Le recueil de Milne prend tout son sens lorsqu’on le lit à côté d’autres livres qui mettent à l’épreuve différentes conceptions de l’enfance, de la voix et de l’innocence. Pour un contraste interne direct, Winnie-the-Pooh: The House at Pooh Corner montre comment l’univers enfantin de Milne s’élargit lorsqu’il s’appuie davantage sur le personnage et le cours du récit. Five Children and It propose une autre forme de fantastique enfantin, plus ouvertement porté par les événements et moins dépendant de la concision lyrique. Songs of Innocence and of Experience est un compagnon littéraire plus vaste, car il rappelle que l’innocence peut être à la fois une stratégie poétique, un idéal culturel et un problème critique.

Ces comparaisons sont utiles, car Now We Are Six pourrait autrement être réduit à un seul mot : charmant.
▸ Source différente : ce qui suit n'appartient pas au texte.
(* Let $t\geqslant 2$ be an integer, let $r\in\{2t,2t+1\}$, and let $n\geqslant 2r$. Then $$N(n,2r,r)=\begin{cases}\binom{2t}{t}, & \text{if } r=2t,\\[2pt] 2\binom{2t-2}{t-1}, & \text{if } r=2t+1.\end{cases}$$
   Context: $\mathrm{Sym}_n$ is the symmetric group of permutations of $[n]=\{1,\dots,n\}$, and $I_n$ is the identity permutation. The Hamming distance between $\pi,\tau\in\mathrm{Sym}_n$ is $d(\pi,\tau)=|\{i\in[n]:\pi(i)\neq\tau(i)\}|$. The ball of radius $r$ is $B_r(\pi)=\{\tau\in\mathrm{Sym}_n: d(\pi,\tau)\leqslant r\}$. For integers $d,r$ define $I(n,d,r)=\max_{\pi,\tau\in\mathrm{Sym}_n,\ d(\pi,\tau)=d}|B_r(\pi)\cap B_r(\tau)|$ (taken to be $0$ if the intersections are all empty) and $N(n,d,r)=\max_{\pi,\tau\in\mathrm{Sym}_n,\ d(\pi,\tau)\geqslant d}|B_r(\pi)\cap B_r(\tau)|=\max_{k\geqslant d}I(n,k,r)$. *)

theory Defs
  imports Main "HOL-Combinatorics.Permutations"
begin

definition Sym :: "nat \<Rightarrow> (nat \<Rightarrow> nat) set" where
  "Sym n = {p. p permutes {1..n}}"

definition hdist :: "nat \<Rightarrow> (nat \<Rightarrow> nat) \<Rightarrow> (nat \<Rightarrow> nat) \<Rightarrow> nat" where
  "hdist n p q = card {i \<in> {1..n}. p i \<noteq> q i}"

definition ball_perm :: "nat \<Rightarrow> nat \<Rightarrow> (nat \<Rightarrow> nat) \<Rightarrow> (nat \<Rightarrow> nat) set" where
  "ball_perm n r p = {q \<in> Sym n. hdist n p q \<le> r}"

definition Iint :: "nat \<Rightarrow> nat \<Rightarrow> nat \<Rightarrow> nat" where
  "Iint n d r = Max (insert 0 {card (ball_perm n r p \<inter> ball_perm n r q) | p q.
      p \<in> Sym n \<and> q \<in> Sym n \<and> hdist n p q = d})"

definition Nint :: "nat \<Rightarrow> nat \<Rightarrow> nat \<Rightarrow> nat" where
  "Nint n d r = Max (insert 0 {card (ball_perm n r p \<inter> ball_perm n r q) | p q.
      p \<in> Sym n \<and> q \<in> Sym n \<and> d \<le> hdist n p q})"

end

theory Submission
  imports Defs "HOL-Combinatorics.Multiset_Permutations" "HOL-Combinatorics.Orbits"
begin

text \<open>Let \<rho> = p\<inverse> \<circ> q. A permutation s in both balls of radius r around p and q, where
  p and q are at distance at least 2r, agrees with q on an r-element set A and with p elsewhere,
  and A is invariant under \<rho>. So A is a union of cycles of \<rho> on its 2r-element support, all
  of length at least 2, and the intersection injects into the families of cycles of total length
  r. These families form an antichain, and Sperner's theorem bounds their number by
  \<open>C(2t, t)\<close> for r = 2t; for r = 2t + 1 a parity argument gives \<open>2 C(2t - 2, t - 1)\<close>.
  Taking p = id and for q the permutations (1 2)(3 4)\<dots>(4t-1 4t), respectively
  (1 2 3)(4 5 6)(7 8)\<dots>(4t+1 4t+2), every family of total length r is realised.\<close>

section \<open>Sperner's theorem\<close>

lemma card_permutations_of_set_prefix:
  assumes "finite X" "A \<subseteq> X"
  shows "card {xs \<in> permutations_of_set X. set (take (card A) xs) = A}
           = fact (card A) * fact (card X - card A)"
proof -
  define k where "k = card A"
  have finA: "finite A" using assms finite_subset by blast
  have "bij_betw (\<lambda>xs. (take k xs, drop k xs))
          {xs \<in> permutations_of_set X. set (take k xs) = A}
          (permutations_of_set A \<times> permutations_of_set (X - A))"
  proof (rule bij_betwI[where g = "\<lambda>(u, v). u @ v"])
    show "(\<lambda>xs. (take k xs, drop k xs)) \<in> {xs \<in> permutations_of_set X. set (take k xs) = A}
            \<rightarrow> permutations_of_set A \<times> permutations_of_set (X - A)"
    proof
      fix xs assume "xs \<in> {xs \<in> permutations_of_set X. set (take k xs) = A}"
      hence xs: "set xs = X" "distinct xs" "set (take k xs) = A"
        by (auto simp: permutations_of_set_def)
      have "distinct (take k xs @ drop k xs)" using xs by simp
      hence "set (take k xs) \<inter> set (drop k xs) = {}" by (simp only: distinct_append)
      moreover have "set (take k xs) \<union> set (drop k xs) = X"
        using xs by (metis set_append append_take_drop_id)
      ultimately have "set (drop k xs) = X - A" using xs by auto
      thus "(take k xs, drop k xs) \<in> permutations_of_set A \<times> permutations_of_set (X - A)"
        using xs by (auto simp: permutations_of_set_def)
    qed
    show "(\<lambda>(u, v). u @ v) \<in> permutations_of_set A \<times> permutations_of_set (X - A)
            \<rightarrow> {xs \<in> permutations_of_set X. set (take k xs) = A}"
      using assms(2) by (auto simp: permutations_of_set_def k_def distinct_card[symmetric])
    show "\<And>y. y \<in> permutations_of_set A \<times> permutations_of_set (X - A) \<Longrightarrow>
            (take k (case y of (u, v) \<Rightarrow> u @ v), drop k (case y of (u, v) \<Rightarrow> u @ v)) = y"
      by (auto simp: permutations_of_set_def k_def distinct_card[symmetric])
  qed simp
  hence "card {xs \<in> permutations_of_set X. set (take k xs) = A}
           = fact (card A) * fact (card (X - A))"
    using assms finA by (simp add: bij_betw_same_card card_cartesian_product)
  thus ?thesis using assms finA by (simp add: k_def card_Diff_subset)
qed

text \<open>Lubell's proof: every member A of an antichain is the set of the first card A entries
  of fact (card A) * fact (card X - card A) orderings of X, and no ordering serves two members.\<close>

lemma sperner:
  assumes fin: "finite X" and "F \<subseteq> Pow X"
    and antichain: "\<And>A B. A \<in> F \<Longrightarrow> B \<in> F \<Longrightarrow> A \<subseteq> B \<Longrightarrow> A = B"
  shows "card F \<le> card X choose (card X div 2)"
proof -
  define n where "n = card X"
  define L where "L A = {xs \<in> permutations_of_set X. set (take (card A) xs) = A}" for A
  have AX: "A \<subseteq> X" if "A \<in> F" for A using that assms(2) by auto
  have finF: "finite F" using assms(2) fin by (meson finite_Pow_iff finite_subset)
  have disjoint: "L A \<inter> L B = {}" if "A \<in> F" "B \<in> F" "A \<noteq> B" for A B
  proof (rule ccontr)
    assume "L A \<inter> L B \<noteq> {}"
    then obtain xs where "set (take (card A) xs) = A" "set (take (card B) xs) = B"
      by (auto simp: L_def)
    moreover have "set (take i xs) \<subseteq> set (take j xs)" if "i \<le> j" for i j
      using that by (metis min.absorb1 set_take_subset take_take)
    ultimately show False using antichain that by (metis nat_le_linear)
  qed
  have "(\<Sum>A\<in>F. card (L A)) = card (\<Union>A\<in>F. L A)"
    using finF disjoint by (subst card_UN_disjoint) (auto simp: L_def)
  also have "\<dots> \<le> card (permutations_of_set X)"
    by (rule card_mono) (auto simp: L_def)
  finally have total: "(\<Sum>A\<in>F. card (L A)) \<le> fact n" using fin by (simp add: n_def)
  have each: "fact n \<le> (n choose (n div 2)) * card (L A)" if "A \<in> F" for A
  proof -
    have kn: "card A \<le> n" using AX[OF that] fin by (simp add: n_def card_mono)
    have "fact n = (n choose card A) * (fact (card A) * fact (n - card A))"
      using binomial_fact_lemma[OF kn] by (simp add: ac_simps)
    also have "\<dots> \<le> (n choose (n div 2)) * (fact (card A) * fact (n - card A))"
      by (intro mult_le_mono1 binomial_maximum)
    finally show ?thesis
      using card_permutations_of_set_prefix[OF fin AX[OF that]] by (simp add: L_def n_def)
  qed
  have "card F * fact n = (\<Sum>A\<in>F. fact n)" by simp
  also have "\<dots> \<le> (\<Sum>A\<in>F. (n choose (n div 2)) * card (L A))"
    by (rule sum_mono) (rule each)
  also have "\<dots> \<le> (n choose (n div 2)) * fact n"
    using total by (simp add: sum_distrib_left[symmetric])
  finally show ?thesis by (simp add: n_def)
qed

lemma central_binomial_mono: "m \<le> m' \<Longrightarrow> m choose (m div 2) \<le> m' choose (m' div 2)"
  using binomial_right_mono[of m m' "m div 2"] binomial_maximum[of m' "m div 2"] by linarith

section \<open>Subfamilies of prescribed weight\<close>

definition subsets_of_weight :: "('a \<Rightarrow> nat) \<Rightarrow> 'a set \<Rightarrow> nat \<Rightarrow> 'a set set" where
  "subsets_of_weight w P r = {Q. Q \<subseteq> P \<and> sum w Q = r}"

lemma finite_subsets_of_weight: "finite P \<Longrightarrow> finite (subsets_of_weight w P r)"
  by (simp add: subsets_of_weight_def)

lemma subsets_of_weight_antichain:
  assumes "finite P" "\<forall>b\<in>P. 0 < w b"
    and "Q \<in> subsets_of_weight w P r" "Q' \<in> subsets_of_weight w P r" "Q \<subseteq> Q'"
  shows "Q = Q'"
proof -
  have "finite Q'" "Q' \<subseteq> P" using assms finite_subset by (auto simp: subsets_of_weight_def)
  hence "sum w Q' = sum w Q + sum w (Q' - Q)"
    using assms(5) by (metis add.commute sum.subset_diff)
  hence "sum w (Q' - Q) = 0" using assms(3,4) by (simp add: subsets_of_weight_def)
  hence "\<forall>b\<in>Q' - Q. w b = 0" using \<open>finite Q'\<close> by simp
  thus ?thesis using assms(2,5) \<open>Q' \<subseteq> P\<close> by (metis DiffI less_not_refl subsetD subset_antisym subsetI)
qed

lemma card_subsets_of_weight_le_central:
  assumes "finite P" "\<forall>b\<in>P. 0 < w b" "card P \<le> k"
  shows "card (subsets_of_weight w P r) \<le> k choose (k div 2)"
proof -
  have "card (subsets_of_weight w P r) \<le> card P choose (card P div 2)"
    using subsets_of_weight_antichain[OF assms(1,2)]
    by (intro sperner[OF assms(1)]) (auto simp: subsets_of_weight_def)
  also have "\<dots> \<le> k choose (k div 2)" by (rule central_binomial_mono[OF assms(3)])
  finally show ?thesis .
qed

lemma twice_card_le_sum:
  assumes "\<forall>b\<in>A. 2 \<le> (w::'a \<Rightarrow> nat) b"
  shows "2 * card A \<le> sum w A"
  using sum_mono[of A "\<lambda>_. 2" w] assms by (simp add: mult.commute)

lemma card_subsets_of_weight_le_avoiding:
  assumes "finite P" "b \<in> P" "sum w P = 2 * r"
  shows "card (subsets_of_weight w P r) \<le> 2 * card (subsets_of_weight w (P - {b}) r)"
proof -
  define G where "G = subsets_of_weight w P r"
  define G0 where "G0 = subsets_of_weight w (P - {b}) r"
  have G: "G = G0 \<union> {Q \<in> G. b \<in> Q}" by (auto simp: G_def G0_def subsets_of_weight_def)
  have "card {Q \<in> G. b \<in> Q} \<le> card G0"
  proof (rule card_inj_on_le)
    show "inj_on (\<lambda>Q. P - Q) {Q \<in> G. b \<in> Q}"
      by (rule inj_onI) (auto simp: G_def subsets_of_weight_def)
    show "(\<lambda>Q. P - Q) ` {Q \<in> G. b \<in> Q} \<subseteq> G0"
    proof clarify
      fix Q assume "Q \<in> G" "b \<in> Q"
      hence "Q \<subseteq> P" "sum w Q = r" by (auto simp: G_def subsets_of_weight_def)
      moreover have "sum w P = sum w Q + sum w (P - Q)"
        using assms(1) \<open>Q \<subseteq> P\<close> by (metis add.commute sum.subset_diff)
      ultimately show "P - Q \<in> G0"
        using assms(3) \<open>b \<in> Q\<close> by (auto simp: G0_def subsets_of_weight_def)
    qed
    show "finite G0" using assms(1) by (simp add: G0_def finite_subsets_of_weight)
  qed
  moreover have "finite G0" using assms(1) by (simp add: G0_def finite_subsets_of_weight)
  ultimately have "card G \<le> card G0 + card G0" by (metis G card_Un_le le_trans add_left_mono)
  thus ?thesis by (simp add: G_def G0_def)
qed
Il l’est, mais ce n’est là qu’une description de surface. En contexte, le livre devient plus facile à évaluer comme objet façonné, doté d’une voix historique précise. Il mérite sa place dans la discussion non parce qu’il serait universellement aimé, mais parce qu’il éclaire ce qu’une forme de poésie pour enfants très maîtrisée peut accomplir lorsqu’elle fait confiance au son, à la retenue et à l’équilibre tonal.
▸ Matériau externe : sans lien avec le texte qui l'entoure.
lemma restricted_integrand_le:
  fixes m :: nat and e t :: real
  assumes "m \<ge> 1" "129 * real m * e \<le> t"
  shows "restricted_integrand e m v r \<le> indicator (int_region m t) (v, r) * ennreal (integrand m v r)"
proof (cases "(\<forall>j\<in>{1..m}. v j \<in> {0<..<e}) \<and>
    (\<forall>j\<in>{2..m}. r j \<in> {(v (j-1) + v j)/10000..64 * (v (j-1) + v j)})")
  case True
  then have "(v, r) \<in> int_region m t"
    using restricted_support_subset_int_region[OF assms] by blast
  moreover have "restricted_integrand e m v r = ennreal (\<Prod>j\<in>{2..m}. r_kernel (v (j-1) + v j) (r j))"
    unfolding restricted_integrand_def truncated_r_kernel_def using True
    by (simp add: r_kernel_nonneg prod_ennreal)
  ultimately show ?thesis
    unfolding integrand_def r_kernel_def by simp
next
  case False
  then have "restricted_integrand e m v r = 0"
    unfolding restricted_integrand_def truncated_r_kernel_def
    by (auto simp: indicator_def intro!: prod_zero)
  then show ?thesis by simp
qed

lemma borel_measurable_restricted_integrand:
  "(\<lambda>z. restricted_integrand e m (fst z) (snd z)) \<in> borel_measurable (int_space m)"
proof -
  have [measurable]: "(\<lambda>z. truncated_r_kernel (fst z (j-1) + fst z j) (snd z j))
      \<in> borel_measurable (PiM {1..m} (\<lambda>_. lborel :: real measure) \<Otimes>\<^sub>M PiM {2..m} (\<lambda>_. lborel :: real measure))"
    if "j \<in> {2..m}" for j
  proof -
    have [measurable]: "j - 1 \<in> {1..m}" "j \<in> {1..m}" "j \<in> {2..m}" using that by auto
    have truncated_eq: "truncated_r_kernel a r
        = ennreal (if a/10000 \<le> r \<and> r \<le> 64*a then r_kernel a r else 0)" for a r
      unfolding truncated_r_kernel_def by simp
    show ?thesis
      unfolding truncated_eq r_kernel_def by measurable
  qed
  show ?thesis
    unfolding restricted_integrand_def int_space_def by measurable
qed

lemma restricted_integrand_r_integral_ge:
  fixes m :: nat and e :: real
  shows "(\<Prod>j\<in>{1..m}. indicator {0<..<e} (v j)) * (\<Prod>j\<in>{2..m}. pair_kernel (v (j-1)) (v j))
    \<le> (\<integral>\<^sup>+r. restricted_integrand e m v r \<partial>PiM {2..m} (\<lambda>_. lborel))"
proof -
  have [measurable]: "truncated_r_kernel a \<in> borel_measurable lborel" for a
    unfolding truncated_r_kernel_def r_kernel_def by measurable
  have "(\<integral>\<^sup>+r. restricted_integrand e m v r \<partial>PiM {2..m} (\<lambda>_. lborel))
      = (\<Prod>j\<in>{1..m}. indicator {0<..<e} (v j)) *
        (\<integral>\<^sup>+r. (\<Prod>j\<in>{2..m}. truncated_r_kernel (v (j-1) + v j) (r j)) \<partial>PiM {2..m} (\<lambda>_. lborel))"
    unfolding restricted_integrand_def by (rule nn_integral_cmult) measurable
  also have "\<dots> = (\<Prod>j\<in>{1..m}. indicator {0<..<e} (v j)) *
        (\<Prod>j\<in>{2..m}. \<integral>\<^sup>+r. truncated_r_kernel (v (j-1) + v j) r \<partial>lborel)"
    by (subst lborel_product.product_nn_integral_prod) auto
  finally have integral_eq: "(\<integral>\<^sup>+r. restricted_integrand e m v r \<partial>PiM {2..m} (\<lambda>_. lborel)) = \<dots>" .
  show ?thesis
  proof (cases "\<forall>j\<in>{1..m}. 0 < v j")
    case True
    have "pair_kernel (v (j-1)) (v j) \<le> (\<integral>\<^sup>+r. truncated_r_kernel (v (j-1) + v j) r \<partial>lborel)"
      if "j \<in> {2..m}" for j
    proof -
      have "j - 1 \<in> {1..m}" "j \<in> {1..m}" using that by auto
      then have "v (j-1) + v j > 0" using True by (simp add: add_pos_pos)
      then show ?thesis
        unfolding pair_kernel_def by (rule nn_integral_truncated_r_kernel_ge)
    qed
    then show ?thesis
      unfolding integral_eq by (intro mult_left_mono prod_mono_ennreal) auto
  next
    case False
    then obtain j where "j \<in> {1..m}" "v j \<le> 0" by auto
    then have "(\<Prod>j\<in>{1..m}. indicator {0<..<e} (v j) :: ennreal) = 0"
      by (intro prod_zero) (auto intro!: bexI[of _ j])
    then show ?thesis by (simp only: mult_zero_left zero_le)
  qed
qed

lemma nn_integral_int_region_ge:
  fixes m :: nat and e t :: real
  assumes e: "e > 0" and m: "m \<ge> 1" and t: "129 * real m * e \<le> t"
  shows "ennreal ((317/100)^(m-1) * (3/100 * e))
    \<le> (\<integral>\<^sup>+x. indicator (int_region m t) x * ennreal (integrand m (fst x) (snd x)) \<partial>int_space m)"
proof -
  interpret r_space: sigma_finite_measure "PiM {2..m} (\<lambda>_. lborel :: real measure)"
    by (rule lborel_product.sigma_finite) simp
  let ?A = "indicator {0<..<e} :: real \<Rightarrow> ennreal"
  have "ennreal ((317/100)^(m-1) * (3/100 * e)) = ennreal (317/100) ^ (m-1) * ennreal (3/100 * e)"
    using e by (subst ennreal_mult) (auto simp: ennreal_power)
  also have "\<dots> \<le> ennreal (317/100) ^ (m-1) * chain_integral 1 ?A pair_kernel (test_function e)"
    by (intro mult_left_mono chain_integral_1_test_function_ge e) simp
  also have "\<dots> \<le> chain_integral m ?A pair_kernel (test_function e)"
    by (rule chain_integral_ge_power[OF _ test_function_measurable pair_kernel_measurable(1)
          transfer_test_function_ge[OF e] m]) measurable
  also have "\<dots> \<le> chain_integral m ?A pair_kernel (\<lambda>_. 1)"
    by (intro chain_integral_mono test_function_le_1 e)
  also have "\<dots> \<le> (\<integral>\<^sup>+v. \<integral>\<^sup>+r. restricted_integrand e m v r \<partial>PiM {2..m} (\<lambda>_. lborel) \<partial>PiM {1..m} (\<lambda>_. lborel))"
    unfolding chain_integral_def
    by (intro nn_integral_mono) (metis mult_1_right restricted_integrand_r_integral_ge)
  also have "\<dots> = (\<integral>\<^sup>+z. restricted_integrand e m (fst z) (snd z) \<partial>int_space m)"
    using r_space.nn_integral_fst[OF borel_measurable_restricted_integrand[unfolded int_space_def]]
    unfolding int_space_def by simp
  also have "\<dots> \<le> (\<integral>\<^sup>+x. indicator (int_region m t) x * ennreal (integrand m (fst x) (snd x)) \<partial>int_space m)"
    using restricted_integrand_le[OF m t] by (intro nn_integral_mono) (metis prod.collapse)
  finally show ?thesis .
qed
Les lecteurs qui hésitent entre des livres semblables devraient se demander quel type de mouvement ils recherchent. S’ils veulent un univers fictionnel plus ample, la prose de Milne consacrée à Pooh sera peut-être la meilleure étape suivante. S’ils souhaitent un fantastique enfantin à l’intrigue plus extérieure, une autre aventure classique de l’enfance leur conviendra peut-être mieux. S’ils recherchent une méditation plus large sur l’innocence elle-même, Blake poussera généralement la question plus loin. Now We Are Six se situe entre ces possibilités, et cette position intermédiaire fait partie de son utilité.

Évaluation finale

Le meilleur argument en faveur de Now We Are Six n’est pas son importance universelle, mais le soin de sa composition et sa lisibilité persistante pour de nouveaux lecteurs. Ses poèmes ont assez de travail formel pour résister à une attention rapprochée, assez de musicalité pour récompenser la lecture à voix haute et assez de justesse émotionnelle pour ne pas se dissoudre dans le sentimentalisme. C’est une solide combinaison pour un recueil de poésie pour enfants.
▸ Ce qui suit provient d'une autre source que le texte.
lemma continuous_map_pointwise_to_dual_top_on_polar:
  assumes "openin X V" "0 \<in> V"
  shows "continuous_map (subtopology (product_topology (\<lambda>_. euclidean) UNIV) (polar_r X (+) V))
           (dual_top X (+)) id"
    (is "continuous_map (subtopology ?P ?W) _ _")
  unfolding dual_top_def compact_open_def
proof (rule continuous_on_generated_topo)
  show "id ` topspace (subtopology ?P ?W)
      \<subseteq> \<Union>{{c \<in> characters X (+). c ` K \<subseteq> U} | K U. compactin X K \<and> open U}"
    using topspace_dual_top[of X "(+)"]
    unfolding dual_top_def compact_open_def topology_generated_by_topspace
    by (auto simp: polar_r_def)
next
  fix G assume "G \<in> {{c \<in> characters X (+). c ` K \<subseteq> U} | K U. compactin X K \<and> open U}"
  then obtain K U where G: "G = {c \<in> characters X (+). c ` K \<subseteq> U}" and K: "compactin X K" "open U"
    by blast
  have "openin (subtopology ?P ?W) (?W \<inter> G)"
  proof (subst openin_subopen, intro ballI)
    fix c0 assume c0: "c0 \<in> ?W \<inter> G"
    then have "c0 \<in> {c. circle_hom c \<and> c ` V \<subseteq> Lambda1}" unfolding polar_r_nhd_eq[OF assms] by blast
    then have c0_hom: "circle_hom c0" "c0 ` V \<subseteq> Lambda1" by simp_all
    have "c0 ` K \<subseteq> U" using c0 G by blast
    then obtain F r where F: "finite F" "0 < r" and approx:
        "\<And>c. circle_hom c \<Longrightarrow> c ` V \<subseteq> Lambda1 \<Longrightarrow> \<forall>k\<in>F. dist (c0 k) (c k) < r \<Longrightarrow> c ` K \<subseteq> U"
      using polar_nhd_pointwise_approx_on_compact[OF assms K c0_hom] by blast
    define T where "T = {c \<in> topspace ?P. \<forall>k\<in>F. c k \<in> ball (c0 k) r}"
    have "openin ?P T" unfolding T_def
      by (intro openin_finite_all_preimages F(1) continuous_map_product_projection) auto
    then have "openin (subtopology ?P ?W) (?W \<inter> T)" by (rule openin_subtopology_Int2)
    moreover have "c0 \<in> ?W \<inter> T" using c0 F(2) unfolding T_def by auto
    moreover have "?W \<inter> T \<subseteq> ?W \<inter> G"
    proof
      fix c assume c: "c \<in> ?W \<inter> T"
      then have "c \<in> characters X (+)" by (simp add: polar_r_def)
      moreover have "c ` K \<subseteq> U"
        using c approx[of c] unfolding T_def polar_r_nhd_eq[OF assms] by (simp add: dist_commute)
      ultimately show "c \<in> ?W \<inter> G" using c G by blast
    qed
    ultimately show "\<exists>T'. openin (subtopology ?P ?W) T' \<and> c0 \<in> T' \<and> T' \<subseteq> ?W \<inter> G" by blast
  qed
  then show "openin (subtopology ?P ?W) (id -` G \<inter> topspace (subtopology ?P ?W))"
    by (simp add: Int_commute)
qed

lemma compactin_dual_top_polar_nhd:
  assumes "openin X V" "0 \<in> V"
  shows "compactin (dual_top X (+)) (polar_r X (+) V)"
proof -
  have "compactin (subtopology (product_topology (\<lambda>_. euclidean) UNIV) (polar_r X (+) V))
          (polar_r X (+) V)"
    using compactin_pointwise_circle_homs_into_Lambda1[of V] by (simp add: polar_r_nhd_eq[OF assms])
  from image_compactin[OF this continuous_map_pointwise_to_dual_top_on_polar[OF assms]]
  show ?thesis by simp
qed

end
Le livre convainc moins lorsqu’on le traite comme une vision neutre ou intemporelle de l’enfance. Il n’est ni neutre ni intemporel. Il porte les valeurs de son époque, et ces valeurs façonnent à la fois son charme et ses limites. Un lecteur qui l’aborde avec cette conscience y trouvera davantage qu’un lecteur venu pour la seule nostalgie.

Le verdict bref est donc le suivant : Now We Are Six mérite d’être lu si vous recherchez une poésie pour enfants travaillée avec soin et modestie, et si vous acceptez de remarquer le cadre historique et social qui donne au recueil son ton particulier. Ce n’est pas le livre le plus profond ni le plus exigeant de sa catégorie, mais c’est un livre discipliné, et cette discipline compte encore.